**EXERCISE DIRECTIONS**
Search the entries for the word "fastforce". Copy every line that holds it.

Dataset entries:
▼
lemma hausdorff_content_ge_imp_condU2:
  fixes E :: "complex set" and g :: "real \<Rightarrow> real"
  assumes "closed E" and A: "0 < A" and "0 < r0" and \<eta>: "0 < \<eta>" and g: "gauge_fun g"
    and g_eq: "\<forall>t\<in>{0<..<2*r0}. g t = exp (- \<eta> * ln (2 / t) / ln (ln (4 / t)))"
    and bound: "\<forall>a\<in>E. \<forall>r\<in>{0<..<r0}. hausdorff_content g (E \<inter> cball a r) \<ge> ennreal (A * g (2 * r))"
  shows "\<exists>\<beta>>0. condU2 \<beta> E"
proof -
  define \<beta> where "\<beta> = 4 * (\<bar>ln A\<bar> + 1) / \<eta>"
  have \<beta>: "0 < \<beta>" using \<eta> by (simp add: \<beta>_def)
  have "\<eta> * \<beta> / 4 = \<bar>ln A\<bar> + 1" using \<eta> by (simp add: \<beta>_def)
  then have "- (\<eta> * \<beta> / 4) < ln A" using abs_ge_minus_self[of "ln A"] by linarith
  then have "exp (- (\<eta> * \<beta> / 4)) < exp (ln A)" by simp
  then have A_gap: "exp (- (\<eta> * \<beta> / 4)) < A" using A by simp
  define R where "R = min r0 (exp (- (16 * \<beta>\<^sup>2 + 16)))"
  have R: "0 < R" "R \<le> r0" "R \<le> exp (- (16 * \<beta>\<^sup>2 + 16))" using \<open>0 < r0\<close> by (auto simp: R_def)
  have "0 \<le> 16 * \<beta>\<^sup>2" by simp
  then have "exp (- (16 * \<beta>\<^sup>2 + 16)) \<le> exp (- 1)" by (subst exp_le_cancel_iff) linarith
  moreover have "exp (- 1) < (1::real)" by simp
  ultimately have R1: "R \<le> exp (- 1)" "R < 1" using R(3) by linarith+
  have g_loglog: "g (2 * t) = exp (- \<eta> * loglog_exponent (ln (1 / t)))" if "0 < t" "t < r0" for t
  proof -
    have "loglog_exponent (ln (2 / (2 * t))) = ln (2 / (2 * t)) / ln (ln (4 / (2 * t)))"
      using that by (intro loglog_exponent_ln) simp
    then show ?thesis using g_eq that by simp
  qed
  have "h_uniformly_perfect (\<lambda>r. 1 * h2 \<beta> r) R E"
  proof (rule hausdorff_content_ge_imp_uniformly_perfect[OF \<open>closed E\<close> g])
    show "ennreal (A * g (2 * r)) \<le> hausdorff_content g (E \<inter> cball a r)"
      if "a \<in> E" "0 < r" "r < R" for a r
      using bound that R(2) by simp
    show "mono_on {0..<R} (\<lambda>r. 1 * h2 \<beta> r)"
    proof -
      have "mono_on {0..<1} (h2 \<beta>)" using \<beta> by (intro mono_on_h2) simp
      moreover have "{0..<R} \<subseteq> {0..<1}" using R1 by auto
      ultimately show ?thesis by (simp add: mono_on_subset)
    qed
    show "1 * h2 \<beta> r \<le> r" if "0 \<le> r" "r < R" for r
      using h2_le[of \<beta> r] \<beta> that R1 by simp
    show "g (2 * (1 * h2 \<beta> r)) < A * g (2 * r)" if r: "0 < r" "r < R" for r
    proof -
      define L where "L = ln (1 / r)"
      have L: "16 * \<beta>\<^sup>2 + 16 \<le> L" using r R by (simp add: L_def ln_div_ge_iff_le_exp)
      then have "0 < L" by (smt (verit) zero_le_power2)
      define s where "s = h2 \<beta> r"
      have s: "0 < s" "s \<le> r" "ln (1 / s) = L + \<beta> * ln L"
        using r R1 R \<open>0 < L\<close> h2_le[of \<beta> r] \<beta>
        by (auto simp: s_def h2_def L_def ln_div ln_mult)
      have "g (2 * s) = exp (- \<eta> * loglog_exponent (L + \<beta> * ln L))"
        using g_loglog[of s] s r R by simp
      also have "\<dots> < A * exp (- \<eta> * loglog_exponent L)"
        using \<eta> \<beta> A_gap L by (intro exp_loglog_exponent_gap) auto
      also have "exp (- \<eta> * loglog_exponent L) = g (2 * r)"
        using g_loglog[of r] r R by (simp add: L_def)
      finally show ?thesis by (simp add: s_def)
    qed
  qed
  then show ?thesis using \<beta>(1) R(1) zero_less_one unfolding condU2_def by blast
qed

theorem theorem1p4:
  fixes E :: "complex set"
  assumes "closed E"
  shows "((\<exists>\<alpha>>1. condU1 \<alpha> E) \<longleftrightarrow>
           (\<exists>A>0. \<exists>C>0. \<exists>r0>0. \<exists>\<gamma>>0. \<exists>g. gauge_fun g \<and>
              (\<forall>t\<in>{0<..<2*r0}. g t = (ln (1 / (C * t))) powr (- \<gamma>)) \<and>
              (\<forall>a\<in>E. \<forall>r\<in>{0<..<r0}.
                 hausdorff_content g (E \<inter> cball a r) \<ge> ennreal (A * g (2 * r)))))
       \<and> ((\<exists>\<beta>>0. condU2 \<beta> E) \<longleftrightarrow>
           (\<exists>A>0. \<exists>r0>0. \<exists>\<eta>>0. \<exists>g. gauge_fun g \<and>
              (\<forall>t\<in>{0<..<2*r0}. g t = exp (- \<eta> * ln (2 / t) / ln (ln (4 / t)))) \<and>
              (\<forall>a\<in>E. \<forall>r\<in>{0<..<r0}.
                 hausdorff_content g (E \<inter> cball a r) \<ge> ennreal (A * g (2 * r)))))"
  by (intro conjI iffI; elim exE conjE;
      rule condU1_imp_hausdorff_content_ge[OF assms] hausdorff_content_ge_imp_condU1[OF assms]
        condU2_imp_hausdorff_content_ge[OF assms] hausdorff_content_ge_imp_condU2[OF assms];
      assumption)
(* Let $\beta>0$ and let $g=\phi^2 g_{flat}$ be an $H_\beta$-invariant Riemannian metric on the flat Klein bottle $K_\beta$ such that $\mathrm{sys}(K_\beta,g)=\pi$. Then, viewing $\phi$ and $\phi_\beta$ as functions of $y\in[0,\beta]$, $$\int_0^\beta\phi(y)\phi_\beta(y)\,dy\ge\int_0^\beta\phi_\beta^2(y)\,dy.$$
   Context: For $\beta>0$ let $\Gamma_\beta$ be the group of isometries of the Euclidean plane generated by $A(x,y)=(x+\pi,-y)$ and $B(x,y)=(x,y+4\beta)$; $K_\beta=\mathbb{R}^2/\Gamma_\beta$ with the induced flat metric $g_{flat}$; functions on $K_\beta$ are identified with $\Gamma_\beta$-invariant functions on $\mathbb{R}^2$. $H_\beta=\mathrm{Isom}(K_\beta,g_{flat})$; a function $\phi$ is $H_\beta$-invariant precisely when it is independent of $x$ and $\phi(y)=\phi(-y)=\phi(y+2\beta)$, so it is determined by its restriction to $[0,\beta]$, and any function on $[0,\beta]$ extends by these rules to a continuous function on $K_\beta$. Let $\phi_0(y)=\frac{2e^y}{1+e^{2y}}$, $\beta_0=\log(1+\sqrt2)$, $\beta_1=\log(2+\sqrt3)$. Define $\phi_\beta$ on $[0,\beta]$: if $\beta\le\pi/4$, $\phi_\beta\equiv\frac{\pi}{4\beta}$; if $\pi/4<\beta<\beta_0$, $\phi_\beta(y)=\phi_0(y)$ for $y\le s_\beta$ and $\phi_0(s_\beta)$ for $y>s_\beta$, where $s_\beta$ is the unique $s\in(0,\beta)$ with $\int_0^s\phi_0(y)dy+(\beta-s)\phi_0(s)=\pi/4$; if $\beta_0\le\beta\le\beta_1$, $\phi_\beta=\phi_0$; if $\beta>\beta_1$, $\phi_\beta(y)=\phi_0(y)$ for $y\le\beta_1$ and $\frac12$ for $y>\beta_1$. $\mathrm{sys}(K_\beta,g)$ is the infimum of $g$-lengths of noncontractible closed curves in $K_\beta$. *)

theory Defs
  imports "HOL-Analysis.Analysis"
begin

text \<open>Points of the plane are pairs (x,y). Elements of Gamma_beta are exactly
  B^m A^k : (x,y) |-> (x + k pi, (-1)^k y + 4 beta m), k,m integers.\<close>
definition deck :: "real \<Rightarrow> int \<Rightarrow> int \<Rightarrow> real \<times> real \<Rightarrow> real \<times> real" where
  "deck \<beta> k m p = (fst p + of_int k * pi, (-1) powi k * snd p + 4 * \<beta> * of_int m)"

definition conf_length :: "(real \<Rightarrow> real) \<Rightarrow> (real \<Rightarrow> real \<times> real) \<Rightarrow> real \<Rightarrow> bool" where
  "conf_length \<phi> \<gamma> l \<longleftrightarrow>
     ((\<lambda>t. \<phi> (snd (\<gamma> t)) * norm (vector_derivative \<gamma> (at t))) has_integral l) {0..1}"
lemma rank_refines_tied:
  assumes "finite P" "refines F G P" "no_triple_ties G P"
    and "x \<in> P" "y \<in> P" "x \<noteq> y" "G x = G y"
  shows "rank F P x = rank G P x + (if F y < F x then 1 else 0)"
proof -
  have "{z\<in>P. z \<noteq> x \<and> G z = G x \<and> F z < F x} = (if F y < F x then {y} else {})"
    using assms(3-7) unfolding no_triple_ties_def by (auto, metis+)
  then show ?thesis using rank_refines[OF assms(1,2,4)] by simp
qed

lemma rank_eq_imp_eq:
  assumes "finite P" "x \<in> P" "y \<in> P" "rank G P x = rank G P y"
  shows "G x = G y"
proof (rule ccontr)
  have less: "rank G P x < rank G P y" if "x \<in> P" "y \<in> P" "G x < G y" for x y
    unfolding rank_def by (rule psubset_card_mono) (use assms(1) that in auto)
  assume "G x \<noteq> G y"
  then show False using less[of x y] less[of y x] assms by (auto simp: neq_iff)
qed

text \<open>A refinement can raise the rank of a point by at most its one tie partner, which only
  matters for membership in the lower half when the point sits at the median.\<close>
lemma lower_half_refines_iff:
  assumes "finite P" "even (card P)" "refines F G P" "no_triple_ties G P" "z \<in> P"
    and "\<And>z'. z' \<in> P \<Longrightarrow> z' \<noteq> z \<Longrightarrow> G z' = G z \<Longrightarrow> 2 * rank G P z + 2 \<noteq> card P"
  shows "z \<in> lower_half F P \<longleftrightarrow> 2 * rank G P z < card P"
proof (cases "\<exists>z'\<in>P. z' \<noteq> z \<and> G z' = G z")
  case True
  then obtain z' where "z' \<in> P" "z' \<noteq> z" "G z' = G z" by blast
  then have "2 * rank G P z + 2 \<noteq> card P" using assms(6) by blast
  with assms(2) rank_refines_tied[OF assms(1,3,4,5) \<open>z' \<in> P\<close> \<open>z' \<noteq> z\<close>[symmetric]]
    \<open>G z' = G z\<close> assms(5) show ?thesis
    unfolding lower_half_def by (cases "F z' < F z") (auto elim!: evenE)
next
  case False
  then have "rank F P z = rank G P z" using rank_refines_untied[OF assms(1,3,5)] by blast
  then show ?thesis using assms(5) unfolding lower_half_def by simp
qed

lemma lower_half_swap_at_median_tie:
  assumes "finite P" "even (card P)" "refines Fl G P" "refines Fr G P" "no_triple_ties G P"
    and "p \<in> P" "q \<in> P" "p \<noteq> q" "G p = G q" "2 * rank G P p + 2 = card P"
    and "Fl p < Fl q" "Fr q < Fr p"
  shows "p \<in> lower_half Fl P" "q \<notin> lower_half Fl P"
    and "lower_half Fr P = insert q (lower_half Fl P - {p})"
proof -
  have rank_q: "rank G P q = rank G P p" unfolding rank_def using assms(9) by simp
  have "rank Fl P p = rank G P p"
    using rank_refines_tied[OF assms(1,3,5,6,7,8,9)] assms(11) by simp
  moreover have "rank Fl P q = rank G P p + 1"
    using rank_refines_tied[OF assms(1,3,5,7,6) assms(8)[symmetric] assms(9)[symmetric]]
      assms(11) rank_q
    by simp
  moreover have "rank Fr P p = rank G P p + 1"
    using rank_refines_tied[OF assms(1,4,5,6,7,8,9)] assms(12) by simp
  moreover have "rank Fr P q = rank G P p"
    using rank_refines_tied[OF assms(1,4,5,7,6) assms(8)[symmetric] assms(9)[symmetric]]
      assms(12) rank_q
    by simp
  ultimately have p_q: "p \<in> lower_half Fl P" "q \<notin> lower_half Fl P"
      "q \<in> lower_half Fr P" "p \<notin> lower_half Fr P"
    using assms(6,7,10) unfolding lower_half_def by auto
  have others: "z \<in> lower_half Fl P \<longleftrightarrow> z \<in> lower_half Fr P"
    if "z \<in> P" "z \<noteq> p" "z \<noteq> q" for z
  proof -
    have untied: "2 * rank G P z + 2 \<noteq> card P" if "z' \<in> P" "z' \<noteq> z" "G z' = G z" for z'
    proof
      assume "2 * rank G P z + 2 = card P"
      then have "G z = G p" using rank_eq_imp_eq[OF assms(1) \<open>z \<in> P\<close> assms(6)] assms(10) by simp
      then show False
        using no_triple_tiesD[OF assms(5) \<open>z \<in> P\<close> assms(6,7) \<open>z \<noteq> p\<close> \<open>z \<noteq> q\<close> assms(8)] assms(9)
        by simp
    qed
    have "z \<in> lower_half Fl P \<longleftrightarrow> 2 * rank G P z < card P"
      by (intro lower_half_refines_iff[OF assms(1-3,5) that(1)] untied)
    moreover have "z \<in> lower_half Fr P \<longleftrightarrow> 2 * rank G P z < card P"
      by (intro lower_half_refines_iff[OF assms(1,2,4,5) that(1)] untied)
    ultimately show ?thesis by simp
  qed
  show "p \<in> lower_half Fl P" "q \<notin> lower_half Fl P" using p_q(1,2) by simp_all
  show "lower_half Fr P = insert q (lower_half Fl P - {p})"
    using p_q others unfolding lower_half_def by blast
qed
lemma wr_mult_in_A:
  assumes "g \<in> A d n" "h \<in> A d n"
  shows "wr_mult g h \<in> A d n"
  using assms permutes_compose[of "fst h" "{1..n}" "fst g"] permutes_in_image[of "fst h" "{1..n}"]
    permutes_not_in[of "fst h" "{1..n}"]
  by (cases g, cases h) (auto simp: wr_mult_def mem_A_iff intro: is_aut_comp)

lemma kappa_wr_mult:
  assumes d: "1 \<le> d" and k: "1 \<le> k" "k \<le> n" and g: "g \<in> A d n" and h: "h \<in> A d n"
  shows "kappa d n k (wr_mult g h) = wr_mult (kappa d n (rho_n h k) g) (kappa d n k h)"
proof -
  obtain \<sigma> f \<tau> e where g_eq: "g = (\<sigma>, f)" and h_eq: "h = (\<tau>, e)" by fastforce
  have \<tau>: "\<tau> permutes {1..n}" and f: "\<And>i. i \<in> {1..n} \<Longrightarrow> is_aut d (f i)"
    and ek: "is_aut d (e k)" using g h k by (auto simp: g_eq h_eq mem_A_iff)
  define a where "a = \<tau> k"
  have a: "1 \<le> a" "a \<le> n" using k permutes_in_image[OF \<tau>, of k] by (auto simp: a_def)
  have fa: "is_aut d (f a)" using f a by simp
  have fe: "is_aut d (f (\<tau> k) \<circ> e k)" using is_aut_comp[OF fa ek] by (simp add: a_def)
  show ?thesis
  proof (rule A_eqI[OF d k])
    show "kappa d n k (wr_mult g h) \<in> A d (n + d - 1)"
      by (rule kappa_in_A[OF d k wr_mult_in_A[OF g h]])
    show "wr_mult (kappa d n (rho_n h k) g) (kappa d n k h) \<in> A d (n + d - 1)"
      using kappa_in_A[OF d a g] kappa_in_A[OF d k h]
      by (simp add: wr_mult_in_A h_eq rho_n_def a_def)
  next
    fix x assume x: "x \<in> {1..d}"
    define r where "r = rho_aut d (e k) x"
    have r: "r \<in> {1..d}" using x permutes_in_image[OF rho_aut_permutes[OF ek]] by (simp add: r_def)
    show "wr_entry (kappa d n k (wr_mult g h)) (k + x - 1)
      = wr_entry (wr_mult (kappa d n (rho_n h k) g) (kappa d n k h)) (k + x - 1)"
      using kappa_block[where fs = "\<lambda>i. f (\<tau> i) \<circ> e i", OF fe k(1) x]
        kappa_block[where fs = e, OF ek k(1) x] kappa_block[where fs = f, OF fa a(1) r]
        rho_aut_comp[OF fa ek x] sect_comp[OF fa ek x]
      by (simp add: g_eq h_eq wr_entry_def wr_mult_def rho_n_def a_def r_def)
  next
    fix j assume j: "j \<in> {1..n}" "j \<noteq> k"
    have "\<tau> j \<in> {1..n}" "\<tau> j \<noteq> a"
      using j permutes_in_image[OF \<tau>] permutes_inj[OF \<tau>] by (auto simp: a_def inj_eq)
    then show "wr_entry (kappa d n k (wr_mult g h)) (clone_pos d k j)
      = wr_entry (wr_mult (kappa d n (rho_n h k) g) (kappa d n k h)) (clone_pos d k j)"
      using kappa_clone_pos[OF d k j] kappa_clone_pos[OF d a]
      by (simp add: g_eq h_eq wr_entry_def wr_mult_def rho_n_def a_def comp_def)
  qed
qed

lemma rho_n_kappa:
  assumes "1 \<le> k" "i \<notin> {k..k + d - 1}"
  shows "rho_n (kappa d n k g) i = varsigma d n k (rho_n g) i"
  using assms by (cases g) (auto simp: kappa_def rho_n_def tau_at_def)

context
  fixes d n k l :: nat and \<sigma> :: "nat \<Rightarrow> nat" and fs :: "nat \<Rightarrow> nat list \<Rightarrow> nat list"
  assumes d: "1 \<le> d" and kl: "1 \<le> k" "k < l" "l \<le> n" and g: "(\<sigma>, fs) \<in> A d n"
begin

lemma kappa_at_other_cloned_point:
  shows "wr_entry (kappa d n l (\<sigma>, fs)) k = (clone_pos d (\<sigma> l) (\<sigma> k), fs k)"
    and "wr_entry (kappa d n k (\<sigma>, fs)) (l + d - 1) = (clone_pos d (\<sigma> k) (\<sigma> l), fs l)"
proof -
  have "clone_pos d l k = k" "clone_pos d k l = l + d - 1" using kl by (auto simp: clone_pos_def)
  then show "wr_entry (kappa d n l (\<sigma>, fs)) k = (clone_pos d (\<sigma> l) (\<sigma> k), fs k)"
    and "wr_entry (kappa d n k (\<sigma>, fs)) (l + d - 1) = (clone_pos d (\<sigma> k) (\<sigma> l), fs l)"
    using kappa_clone_pos[OF d, of l n k \<sigma> fs] kappa_clone_pos[OF d, of k n l \<sigma> fs] kl
    by (auto simp: wr_entry_def)
qed

lemma kappa_kappa_at_block:
  assumes x: "x \<in> {1..d}"
  shows "wr_entry (kappa d (n + d - 1) k (kappa d n l (\<sigma>, fs))) (k + x - 1)
    = wr_entry (kappa d (n + d - 1) (l + d - 1) (kappa d n k (\<sigma>, fs))) (k + x - 1)"
proof -
  obtain \<pi> F \<pi>' F' where G: "kappa d n l (\<sigma>, fs) = (\<pi>, F)" and G': "kappa d n k (\<sigma>, fs) = (\<pi>', F')"
    by fastforce
  have \<sigma>_kl: "\<sigma> k \<noteq> \<sigma> l" using g kl by (auto simp: mem_A_iff inj_eq dest: permutes_inj)
  have fsk: "is_aut d (fs k)" using g kl by (simp add: mem_A_iff)
  define r where "r = rho_aut d (fs k) x"
  have r: "r \<in> {1..d}" using x permutes_in_image[OF rho_aut_permutes[OF fsk]] by (simp add: r_def)
  have \<pi>_k: "\<pi> k = clone_pos d (\<sigma> l) (\<sigma> k)" "F k = fs k"
    and \<pi>'_l: "\<pi>' (l + d - 1) = clone_pos d (\<sigma> k) (\<sigma> l)"
    using kappa_at_other_cloned_point G G' by (simp_all add: wr_entry_def)
  have pos: "k + x - 1 \<in> {1..n + d - 1}" "k + x - 1 \<noteq> l + d - 1"
    "clone_pos d (l + d - 1) (k + x - 1) = k + x - 1"
    using x kl by (auto simp: clone_pos_def)
  have lhs: "wr_entry (kappa d (n + d - 1) k (\<pi>, F)) (k + x - 1)
      = (clone_pos d (\<sigma> l) (\<sigma> k) + r - 1, sect d (fs k) x)"
    using kappa_block[where fs = F, OF _ _ x] fsk kl \<pi>_k by (simp add: wr_entry_def r_def)
  have "\<pi>' (k + x - 1) = \<sigma> k + r - 1" "F' (k + x - 1) = sect d (fs k) x"
    using kappa_block[where fs = fs and \<sigma> = \<sigma> and n = n, OF fsk kl(1) x] unfolding G'
    by (simp_all add: r_def)
  then have rhs: "wr_entry (kappa d (n + d - 1) (l + d - 1) (\<pi>', F')) (k + x - 1)
      = (clone_pos d (clone_pos d (\<sigma> k) (\<sigma> l)) (\<sigma> k + r - 1), sect d (fs k) x)"
    using kappa_clone_pos[OF d _ _ pos(1,2), of \<pi>' F'] pos(3) \<pi>'_l kl
    by (simp add: wr_entry_def)
  show ?thesis using lhs rhs clone_pos_block_shift[OF d \<sigma>_kl r] G G' by simp
qed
▲
**YOUR RESPONSE**
  obtain \<sigma> f \<tau> e where g_eq: "g = (\<sigma>, f)" and h_eq: "h = (\<tau>, e)" by fastforce
    by fastforce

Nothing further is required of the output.